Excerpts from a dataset
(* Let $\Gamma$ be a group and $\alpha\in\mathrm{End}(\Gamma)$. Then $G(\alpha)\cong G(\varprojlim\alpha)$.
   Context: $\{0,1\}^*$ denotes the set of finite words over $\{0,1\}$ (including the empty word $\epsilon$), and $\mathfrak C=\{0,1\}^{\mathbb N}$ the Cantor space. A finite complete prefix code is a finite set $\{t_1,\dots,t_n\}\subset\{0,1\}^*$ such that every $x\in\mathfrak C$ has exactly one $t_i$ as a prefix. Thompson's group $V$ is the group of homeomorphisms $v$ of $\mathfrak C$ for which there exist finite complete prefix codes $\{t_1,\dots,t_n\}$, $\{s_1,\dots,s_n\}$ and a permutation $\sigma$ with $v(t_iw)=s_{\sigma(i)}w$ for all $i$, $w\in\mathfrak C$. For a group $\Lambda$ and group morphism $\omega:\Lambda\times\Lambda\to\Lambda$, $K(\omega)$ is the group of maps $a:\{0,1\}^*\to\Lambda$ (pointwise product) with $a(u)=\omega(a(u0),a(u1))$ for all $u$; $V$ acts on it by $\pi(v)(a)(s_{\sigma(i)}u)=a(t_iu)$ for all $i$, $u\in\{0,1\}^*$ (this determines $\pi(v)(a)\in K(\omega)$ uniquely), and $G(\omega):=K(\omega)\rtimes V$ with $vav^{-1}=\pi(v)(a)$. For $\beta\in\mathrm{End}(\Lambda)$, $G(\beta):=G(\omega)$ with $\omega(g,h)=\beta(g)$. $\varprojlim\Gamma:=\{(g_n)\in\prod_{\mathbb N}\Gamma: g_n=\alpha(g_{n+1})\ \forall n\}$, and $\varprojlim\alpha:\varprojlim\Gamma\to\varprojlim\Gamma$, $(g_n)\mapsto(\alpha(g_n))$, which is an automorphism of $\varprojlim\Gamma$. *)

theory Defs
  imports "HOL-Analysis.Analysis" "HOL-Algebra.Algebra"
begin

---

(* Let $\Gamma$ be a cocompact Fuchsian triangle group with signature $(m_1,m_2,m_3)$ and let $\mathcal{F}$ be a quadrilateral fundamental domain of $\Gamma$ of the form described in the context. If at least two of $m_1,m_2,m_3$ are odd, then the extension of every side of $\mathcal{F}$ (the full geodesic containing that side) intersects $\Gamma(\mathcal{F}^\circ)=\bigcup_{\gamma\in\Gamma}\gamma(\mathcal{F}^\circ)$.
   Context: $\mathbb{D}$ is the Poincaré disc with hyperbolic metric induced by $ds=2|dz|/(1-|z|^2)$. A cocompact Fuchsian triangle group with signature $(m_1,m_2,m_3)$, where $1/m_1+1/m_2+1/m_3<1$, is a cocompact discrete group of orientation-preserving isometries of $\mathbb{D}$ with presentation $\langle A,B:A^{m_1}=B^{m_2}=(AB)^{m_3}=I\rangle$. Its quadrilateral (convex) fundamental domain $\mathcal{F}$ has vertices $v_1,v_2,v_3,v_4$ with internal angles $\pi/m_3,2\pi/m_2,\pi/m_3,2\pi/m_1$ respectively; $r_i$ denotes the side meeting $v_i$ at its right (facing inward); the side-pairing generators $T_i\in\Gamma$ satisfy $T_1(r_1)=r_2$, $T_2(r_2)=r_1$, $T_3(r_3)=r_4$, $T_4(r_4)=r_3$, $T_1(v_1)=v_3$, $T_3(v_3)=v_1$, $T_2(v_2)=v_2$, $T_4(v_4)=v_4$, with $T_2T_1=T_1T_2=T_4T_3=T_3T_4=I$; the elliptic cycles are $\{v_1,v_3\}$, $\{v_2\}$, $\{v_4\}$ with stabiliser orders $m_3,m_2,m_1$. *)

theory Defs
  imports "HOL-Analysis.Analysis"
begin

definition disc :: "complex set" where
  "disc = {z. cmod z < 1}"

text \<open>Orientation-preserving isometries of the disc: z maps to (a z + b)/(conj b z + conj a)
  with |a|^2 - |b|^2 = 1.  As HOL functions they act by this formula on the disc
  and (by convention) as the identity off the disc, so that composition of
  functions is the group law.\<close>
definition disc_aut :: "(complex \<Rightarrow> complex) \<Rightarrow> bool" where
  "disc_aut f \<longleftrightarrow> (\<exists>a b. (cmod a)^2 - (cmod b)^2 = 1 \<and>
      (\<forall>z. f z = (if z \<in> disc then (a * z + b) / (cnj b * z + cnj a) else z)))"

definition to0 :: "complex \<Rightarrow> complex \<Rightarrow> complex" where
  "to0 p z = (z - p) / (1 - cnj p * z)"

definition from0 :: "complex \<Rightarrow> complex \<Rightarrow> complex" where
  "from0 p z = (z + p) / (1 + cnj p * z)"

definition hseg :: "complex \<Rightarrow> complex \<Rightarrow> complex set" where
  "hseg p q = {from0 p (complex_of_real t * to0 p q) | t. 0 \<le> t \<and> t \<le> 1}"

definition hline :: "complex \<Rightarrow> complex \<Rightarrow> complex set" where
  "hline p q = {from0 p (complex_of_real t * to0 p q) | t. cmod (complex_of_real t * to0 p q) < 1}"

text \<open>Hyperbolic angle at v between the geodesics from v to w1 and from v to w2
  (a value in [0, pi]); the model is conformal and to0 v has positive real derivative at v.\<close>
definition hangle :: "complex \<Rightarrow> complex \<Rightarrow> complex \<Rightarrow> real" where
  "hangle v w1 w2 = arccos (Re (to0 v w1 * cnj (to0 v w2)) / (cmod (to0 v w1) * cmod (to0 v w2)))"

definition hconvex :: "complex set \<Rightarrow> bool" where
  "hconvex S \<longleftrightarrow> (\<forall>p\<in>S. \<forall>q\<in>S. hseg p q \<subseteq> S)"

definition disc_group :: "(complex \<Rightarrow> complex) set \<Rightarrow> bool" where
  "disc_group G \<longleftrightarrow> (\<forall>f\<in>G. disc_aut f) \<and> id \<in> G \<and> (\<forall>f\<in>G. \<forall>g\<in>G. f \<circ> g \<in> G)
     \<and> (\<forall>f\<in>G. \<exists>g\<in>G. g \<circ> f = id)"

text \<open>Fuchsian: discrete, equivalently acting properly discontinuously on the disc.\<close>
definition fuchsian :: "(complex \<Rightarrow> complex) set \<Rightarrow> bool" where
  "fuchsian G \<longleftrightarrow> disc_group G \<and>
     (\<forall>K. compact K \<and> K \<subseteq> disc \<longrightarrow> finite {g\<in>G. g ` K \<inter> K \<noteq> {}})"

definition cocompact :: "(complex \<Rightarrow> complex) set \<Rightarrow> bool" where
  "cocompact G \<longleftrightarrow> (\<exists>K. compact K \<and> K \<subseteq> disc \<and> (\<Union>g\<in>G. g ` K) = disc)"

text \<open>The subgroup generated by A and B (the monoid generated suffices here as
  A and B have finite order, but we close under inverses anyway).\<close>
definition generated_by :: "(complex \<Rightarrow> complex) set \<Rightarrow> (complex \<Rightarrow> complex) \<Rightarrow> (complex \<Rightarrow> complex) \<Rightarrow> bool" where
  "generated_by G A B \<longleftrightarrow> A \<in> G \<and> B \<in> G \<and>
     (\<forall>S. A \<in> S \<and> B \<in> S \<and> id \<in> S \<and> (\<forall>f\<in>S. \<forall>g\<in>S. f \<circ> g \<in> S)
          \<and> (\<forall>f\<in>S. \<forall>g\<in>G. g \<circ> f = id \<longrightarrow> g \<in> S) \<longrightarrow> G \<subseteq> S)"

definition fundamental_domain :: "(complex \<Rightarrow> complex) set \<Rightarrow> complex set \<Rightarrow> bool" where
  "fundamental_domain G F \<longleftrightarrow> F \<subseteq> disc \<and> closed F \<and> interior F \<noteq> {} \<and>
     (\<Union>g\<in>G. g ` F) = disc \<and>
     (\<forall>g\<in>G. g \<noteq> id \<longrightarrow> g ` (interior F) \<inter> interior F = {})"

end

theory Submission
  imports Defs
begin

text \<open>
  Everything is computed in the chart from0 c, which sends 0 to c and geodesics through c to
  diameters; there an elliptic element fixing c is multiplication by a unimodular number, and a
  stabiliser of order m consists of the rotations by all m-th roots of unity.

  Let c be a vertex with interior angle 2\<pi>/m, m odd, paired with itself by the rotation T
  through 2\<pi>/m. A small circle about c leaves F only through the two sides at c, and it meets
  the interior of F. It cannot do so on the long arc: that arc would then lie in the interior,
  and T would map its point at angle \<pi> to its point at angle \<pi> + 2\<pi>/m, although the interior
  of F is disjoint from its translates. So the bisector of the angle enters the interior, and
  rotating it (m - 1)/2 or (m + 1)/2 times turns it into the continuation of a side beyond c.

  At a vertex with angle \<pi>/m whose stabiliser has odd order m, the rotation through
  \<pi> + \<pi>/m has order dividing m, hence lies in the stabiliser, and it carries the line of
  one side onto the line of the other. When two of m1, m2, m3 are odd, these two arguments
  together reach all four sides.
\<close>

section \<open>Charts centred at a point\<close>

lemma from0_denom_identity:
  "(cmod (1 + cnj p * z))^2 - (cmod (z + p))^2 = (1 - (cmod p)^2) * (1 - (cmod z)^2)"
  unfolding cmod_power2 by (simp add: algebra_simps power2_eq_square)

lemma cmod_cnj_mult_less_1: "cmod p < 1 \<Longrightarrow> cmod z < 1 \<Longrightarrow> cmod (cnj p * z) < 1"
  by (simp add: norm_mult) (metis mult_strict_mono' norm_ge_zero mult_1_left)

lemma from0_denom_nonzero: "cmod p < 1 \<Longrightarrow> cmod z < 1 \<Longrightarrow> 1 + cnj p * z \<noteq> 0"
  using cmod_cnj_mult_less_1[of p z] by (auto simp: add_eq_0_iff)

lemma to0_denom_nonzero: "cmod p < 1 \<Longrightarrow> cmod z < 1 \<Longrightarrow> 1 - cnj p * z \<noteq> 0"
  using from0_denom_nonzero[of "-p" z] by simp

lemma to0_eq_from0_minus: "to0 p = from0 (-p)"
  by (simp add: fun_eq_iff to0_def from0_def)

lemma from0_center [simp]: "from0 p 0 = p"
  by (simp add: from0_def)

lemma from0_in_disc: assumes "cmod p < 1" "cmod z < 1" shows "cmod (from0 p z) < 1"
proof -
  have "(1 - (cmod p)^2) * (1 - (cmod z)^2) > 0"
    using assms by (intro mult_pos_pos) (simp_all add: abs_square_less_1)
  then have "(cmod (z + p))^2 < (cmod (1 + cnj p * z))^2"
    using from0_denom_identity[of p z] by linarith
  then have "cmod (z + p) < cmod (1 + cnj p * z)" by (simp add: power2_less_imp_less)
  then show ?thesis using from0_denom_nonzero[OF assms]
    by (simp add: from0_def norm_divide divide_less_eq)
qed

== Work required ==
Your answer should be the exact lines above from the one with "rotating it (m" through the one with "one side onto", both included, and nothing besides.

== Written reply ==
  rotating it (m - 1)/2 or (m + 1)/2 times turns it into the continuation of a side beyond c.

  At a vertex with angle \<pi>/m whose stabiliser has odd order m, the rotation through
  \<pi> + \<pi>/m has order dividing m, hence lies in the stabiliser, and it carries the line of
  one side onto the line of the other. When two of m1, m2, m3 are odd, these two arguments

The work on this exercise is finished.